TASK> Produce an exact copy of the lines from the line containing "using hnorm_triangle[OF v" through the last line of the entries below, and only those lines.
Start of LISTED RECORDS
(* Let $Z=(W,A,X,V,E,S)\sim\mathbb{P}$, where only $(W,A,X)$ is observed. Suppose that for all $j\in\{1,\dots,J\}$: (i) $\mathbb{E}[W_j\mid A,X]=\mathbb{E}[V_jE_jS\mid A,X]$; (ii) $V_j$, $E_j$ and $S$ are mutually independent conditionally on $(A,X)$; (iii) $E_j$ is independent of $(A,X)$; and (iv) $S$ is independent of $(A,X)$. Then for every $j$ the parameter $$\Psi^{(2)}_j(\mathbb{P}):=\log\left(\frac{\mathbb{E}\big[\mathbb{E}[V_j\mid A=1,X]\big]}{\mathbb{E}\big[\mathbb{E}[V_j\mid A=0,X]\big]}\right)$$ is identifiable, where the outer expectations are over the marginal distribution of $X$.
   Context: $W\in\mathbb{R}_{\ge 0}^J$ are observed category levels, $A\in\{0,1\}$ a binary exposure, $X\in\mathcal{X}\subseteq\mathbb{R}^p$ covariates, $V\in\mathbb{R}_{\ge0}^J$ latent true category levels, $E\in\mathbb{R}_{>0}^J$ latent category-specific observabilities, $S\in\mathbb{R}_{>0}$ a latent sample-specific scale; data are i.i.d. from $\mathbb{P}$. The parameter is assumed well defined (numerator and denominator positive and finite). A parameter is identifiable if its value is uniquely determined by the distribution of the observed variables $(W,A,X)$ among distributions satisfying the assumptions. *)

theory Defs
  imports "HOL-Probability.Probability"
begin

text \<open>The full (partly latent) data vector Z = (W, A, X, V, E, S) lives in the space
  (real^'J) (W) \<times> real (A, coded 0/1) \<times> (real^'p) (X) \<times> (real^'J) (V) \<times> (real^'J) (E) \<times> real (S),
  equipped with its Borel sigma-algebra.\<close>

definition zW :: "((real^'J) \<times> real \<times> (real^'p) \<times> (real^'J) \<times> (real^'J) \<times> real) \<Rightarrow> (real^'J)"
  where "zW z = fst z"
definition zA :: "((real^'J) \<times> real \<times> (real^'p) \<times> (real^'J) \<times> (real^'J) \<times> real) \<Rightarrow> real"
  where "zA z = fst (snd z)"
definition zX :: "((real^'J) \<times> real \<times> (real^'p) \<times> (real^'J) \<times> (real^'J) \<times> real) \<Rightarrow> (real^'p)"
  where "zX z = fst (snd (snd z))"
definition zV :: "((real^'J) \<times> real \<times> (real^'p) \<times> (real^'J) \<times> (real^'J) \<times> real) \<Rightarrow> (real^'J)"
  where "zV z = fst (snd (snd (snd z)))"
definition zE :: "((real^'J) \<times> real \<times> (real^'p) \<times> (real^'J) \<times> (real^'J) \<times> real) \<Rightarrow> (real^'J)"
  where "zE z = fst (snd (snd (snd (snd z))))"
definition zS :: "((real^'J) \<times> real \<times> (real^'p) \<times> (real^'J) \<times> (real^'J) \<times> real) \<Rightarrow> real"
  where "zS z = snd (snd (snd (snd (snd z))))"

definition zObs :: "((real^'J) \<times> real \<times> (real^'p) \<times> (real^'J) \<times> (real^'J) \<times> real) \<Rightarrow> (real^'J) \<times> real \<times> (real^'p)"
  where "zObs z = (zW z, zA z, zX z)"

definition sigAX :: "((real^'J) \<times> real \<times> (real^'p) \<times> (real^'J) \<times> (real^'J) \<times> real) measure
   \<Rightarrow> ((real^'J) \<times> real \<times> (real^'p) \<times> (real^'J) \<times> (real^'J) \<times> real) measure"
  where "sigAX P = vimage_algebra (space P) (\<lambda>z. (zA z, zX z)) borel"
definition sigX :: "((real^'J) \<times> real \<times> (real^'p) \<times> (real^'J) \<times> (real^'J) \<times> real) measure
   \<Rightarrow> ((real^'J) \<times> real \<times> (real^'p) \<times> (real^'J) \<times> (real^'J) \<times> real) measure"
  where "sigX P = vimage_algebra (space P) zX borel"

definition cond_indep3 :: "'a measure \<Rightarrow> 'a measure \<Rightarrow> ('a \<Rightarrow> real) \<Rightarrow> ('a \<Rightarrow> real) \<Rightarrow> ('a \<Rightarrow> real) \<Rightarrow> bool"
  where "cond_indep3 M F U1 U2 U3 \<longleftrightarrow>
    (\<forall>B1\<in>sets borel. \<forall>B2\<in>sets borel. \<forall>B3\<in>sets borel.
      AE \<omega> in M. real_cond_exp M F (\<lambda>\<omega>. indicator B1 (U1 \<omega>) * indicator B2 (U2 \<omega>) * indicator B3 (U3 \<omega>)) \<omega>
        = real_cond_exp M F (\<lambda>\<omega>. indicator B1 (U1 \<omega>)) \<omega>
          * real_cond_exp M F (\<lambda>\<omega>. indicator B2 (U2 \<omega>)) \<omega>
          * real_cond_exp M F (\<lambda>\<omega>. indicator B3 (U3 \<omega>)) \<omega>)"

definition indep_rv :: "'a measure \<Rightarrow> ('a \<Rightarrow> 'b::topological_space) \<Rightarrow> ('a \<Rightarrow> 'c::topological_space) \<Rightarrow> bool"
  where "indep_rv M U Y \<longleftrightarrow>
    U \<in> borel_measurable M \<and> Y \<in> borel_measurable M \<and>
    prob_space.indep_set M {U -` B \<inter> space M | B. B \<in> sets borel} {Y -` B \<inter> space M | B. B \<in> sets borel}"

text \<open>The regression E[V_j | A = a, X], as a function of the sample point (through X):
  E[V_j 1{A=a} | X] / P(A = a | X).\<close>
definition regV :: "((real^'J) \<times> real \<times> (real^'p) \<times> (real^'J) \<times> (real^'J) \<times> real) measure
   \<Rightarrow> 'J \<Rightarrow> real \<Rightarrow> ((real^'J) \<times> real \<times> (real^'p) \<times> (real^'J) \<times> (real^'J) \<times> real) \<Rightarrow> real"
  where "regV P j a z =
    real_cond_exp P (sigX P) (\<lambda>z. zV z $ j * indicator {z. zA z = a} z) z
    / real_cond_exp P (sigX P) (indicator {z. zA z = a}) z"

definition Psi2 :: "((real^'J) \<times> real \<times> (real^'p) \<times> (real^'J) \<times> (real^'J) \<times> real) measure \<Rightarrow> 'J \<Rightarrow> real"
  where "Psi2 P j = ln ((\<integral>z. regV P j 1 z \<partial>P) / (\<integral>z. regV P j 0 z \<partial>P))"

definition Psi2_well_defined :: "((real^'J) \<times> real \<times> (real^'p) \<times> (real^'J) \<times> (real^'J) \<times> real) measure \<Rightarrow> 'J \<Rightarrow> bool"
  where "Psi2_well_defined P j \<longleftrightarrow>
    (\<forall>a\<in>{0,1}. integrable P (regV P j a) \<and> 0 < (\<integral>z. regV P j a z \<partial>P))"

text \<open>Integrability of W_j, V_j and V_j E_j S is assumed so
  that the conditional expectations in (i) are meaningful.\<close>
definition model :: "((real^'J) \<times> real \<times> (real^'p) \<times> (real^'J) \<times> (real^'J) \<times> real) measure \<Rightarrow> bool"
  where "model P \<longleftrightarrow>
    prob_space P \<and> sets P = sets borel \<and>
    (AE z in P. zA z \<in> {0, 1} \<and> 0 < zS z \<and>
       (\<forall>j. 0 \<le> zW z $ j \<and> 0 \<le> zV z $ j \<and> 0 < zE z $ j)) \<and>
    (\<forall>j. integrable P (\<lambda>z. zW z $ j) \<and> integrable P (\<lambda>z. zV z $ j) \<and>
         integrable P (\<lambda>z. zV z $ j * zE z $ j * zS z) \<and>
      \<comment> \<open>(i)\<close>
      (AE z in P. real_cond_exp P (sigAX P) (\<lambda>z. zW z $ j) z
                 = real_cond_exp P (sigAX P) (\<lambda>z. zV z $ j * zE z $ j * zS z) z) \<and>
      \<comment> \<open>(ii)\<close>
      cond_indep3 P (sigAX P) (\<lambda>z. zV z $ j) (\<lambda>z. zE z $ j) zS \<and>
      \<comment> \<open>(iii)\<close>
      indep_rv P (\<lambda>z. zE z $ j) (\<lambda>z. (zA z, zX z))) \<and>
    \<comment> \<open>(iv)\<close>
    indep_rv P zS (\<lambda>z. (zA z, zX z))"
lemma orthonormal_expansion:
  assumes y: "y \<in> S"
  obtains F where "\<And>k. finite (F k)" "\<And>k. F k \<subseteq> I"
    "(\<lambda>k. hnorm (lincomb (F k) (\<lambda>n. G y (e n)) - y)) \<longlonglongrightarrow> 0"
proof (rule Riesz_Fischer[OF Bessel_summable[OF y]])
  fix F z assume z: "z \<in> S" and F: "\<And>k. finite (F k)" "\<And>k. F k \<subseteq> I"
    and lim: "(\<lambda>k. hnorm (lincomb (F k) (\<lambda>n. G y (e n)) - z)) \<longlonglongrightarrow> 0"
    and coeff: "\<And>n. n \<in> I \<Longrightarrow> G z (e n) = G y (e n)"
  have "z - y = 0" using coeff by (intro orthogonal_e_imp_zero[OF S_diff[OF z y]]) (simp add: form_diff_left)
  then show thesis using that[OF F] lim by simp
qed

lemma Parseval_identity:
  assumes y: "y \<in> S"
  shows "(\<Sum>\<^sub>\<infinity>n\<in>I. (cmod (G y (e n)))\<^sup>2) = (hnorm y)\<^sup>2"
proof (rule antisym[OF Bessel_inequality[OF y]])
  define \<Sigma> where "\<Sigma> = (\<Sum>\<^sub>\<infinity>n\<in>I. (cmod (G y (e n)))\<^sup>2)"
  obtain F where F: "\<And>k. finite (F k)" "\<And>k. F k \<subseteq> I"
    and lim: "(\<lambda>k. hnorm (lincomb (F k) (\<lambda>n. G y (e n)) - y)) \<longlonglongrightarrow> 0"
    by (rule orthonormal_expansion[OF y]) auto
  have "hnorm y \<le> sqrt \<Sigma> + hnorm (lincomb (F k) (\<lambda>n. G y (e n)) - y)" for k
  proof -
    define v where "v = lincomb (F k) (\<lambda>n. G y (e n))"
    have v: "v \<in> S" unfolding v_def by (rule lincomb_in_S[OF F(2)])
    have "(hnorm v)\<^sup>2 \<le> \<Sigma>" unfolding v_def hnorm_lincomb_square[OF F(1,2)] \<Sigma>_def
      using Bessel_summable[OF y] F by (intro finite_sum_le_infsum) auto
    then have "hnorm v \<le> sqrt \<Sigma>" using hnorm_nonneg[OF v] real_le_rsqrt by blast
    moreover have "hnorm y \<le> hnorm v + hnorm (v - y)"
      using hnorm_triangle[OF v S_diff[OF y v]] hnorm_minus_commute[of y v] by simp
    ultimately show ?thesis unfolding v_def by linarith
  qed
  then have "hnorm y \<le> sqrt \<Sigma>"
    by (intro LIMSEQ_le_const[OF tendsto_add[OF tendsto_const lim, where a = "sqrt \<Sigma>", simplified]]) auto
  then show "(hnorm y)\<^sup>2 \<le> \<Sigma>" using hnorm_nonneg[OF y] by (metis real_sqrt_le_iff real_sqrt_unique)
qed

section \<open>Adjoints\<close>

context
  fixes \<phi> :: "'a \<Rightarrow> complex" and C :: real
  assumes \<phi>_add: "\<And>x y. x \<in> S \<Longrightarrow> y \<in> S \<Longrightarrow> \<phi> (x + y) = \<phi> x + \<phi> y"
    and \<phi>_scale: "\<And>c x. x \<in> S \<Longrightarrow> \<phi> (sc c x) = c * \<phi> x"
    and \<phi>_bound: "\<And>x. x \<in> S \<Longrightarrow> cmod (\<phi> x) \<le> C * hnorm x"
begin

lemma functional_zero: "\<phi> 0 = 0"
  using \<phi>_add[OF S_zero S_zero] by simp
End of LISTED RECORDS
PROBLEM SOLUTION>
      using hnorm_triangle[OF v S_diff[OF y v]] hnorm_minus_commute[of y v] by simp
    ultimately show ?thesis unfolding v_def by linarith
  qed
  then have "hnorm y \<le> sqrt \<Sigma>"
    by (intro LIMSEQ_le_const[OF tendsto_add[OF tendsto_const lim, where a = "sqrt \<Sigma>", simplified]]) auto
  then show "(hnorm y)\<^sup>2 \<le> \<Sigma>" using hnorm_nonneg[OF y] by (metis real_sqrt_le_iff real_sqrt_unique)
qed

section \<open>Adjoints\<close>

context
  fixes \<phi> :: "'a \<Rightarrow> complex" and C :: real
  assumes \<phi>_add: "\<And>x y. x \<in> S \<Longrightarrow> y \<in> S \<Longrightarrow> \<phi> (x + y) = \<phi> x + \<phi> y"
    and \<phi>_scale: "\<And>c x. x \<in> S \<Longrightarrow> \<phi> (sc c x) = c * \<phi> x"
    and \<phi>_bound: "\<And>x. x \<in> S \<Longrightarrow> cmod (\<phi> x) \<le> C * hnorm x"
begin

lemma functional_zero: "\<phi> 0 = 0"
  using \<phi>_add[OF S_zero S_zero] by simp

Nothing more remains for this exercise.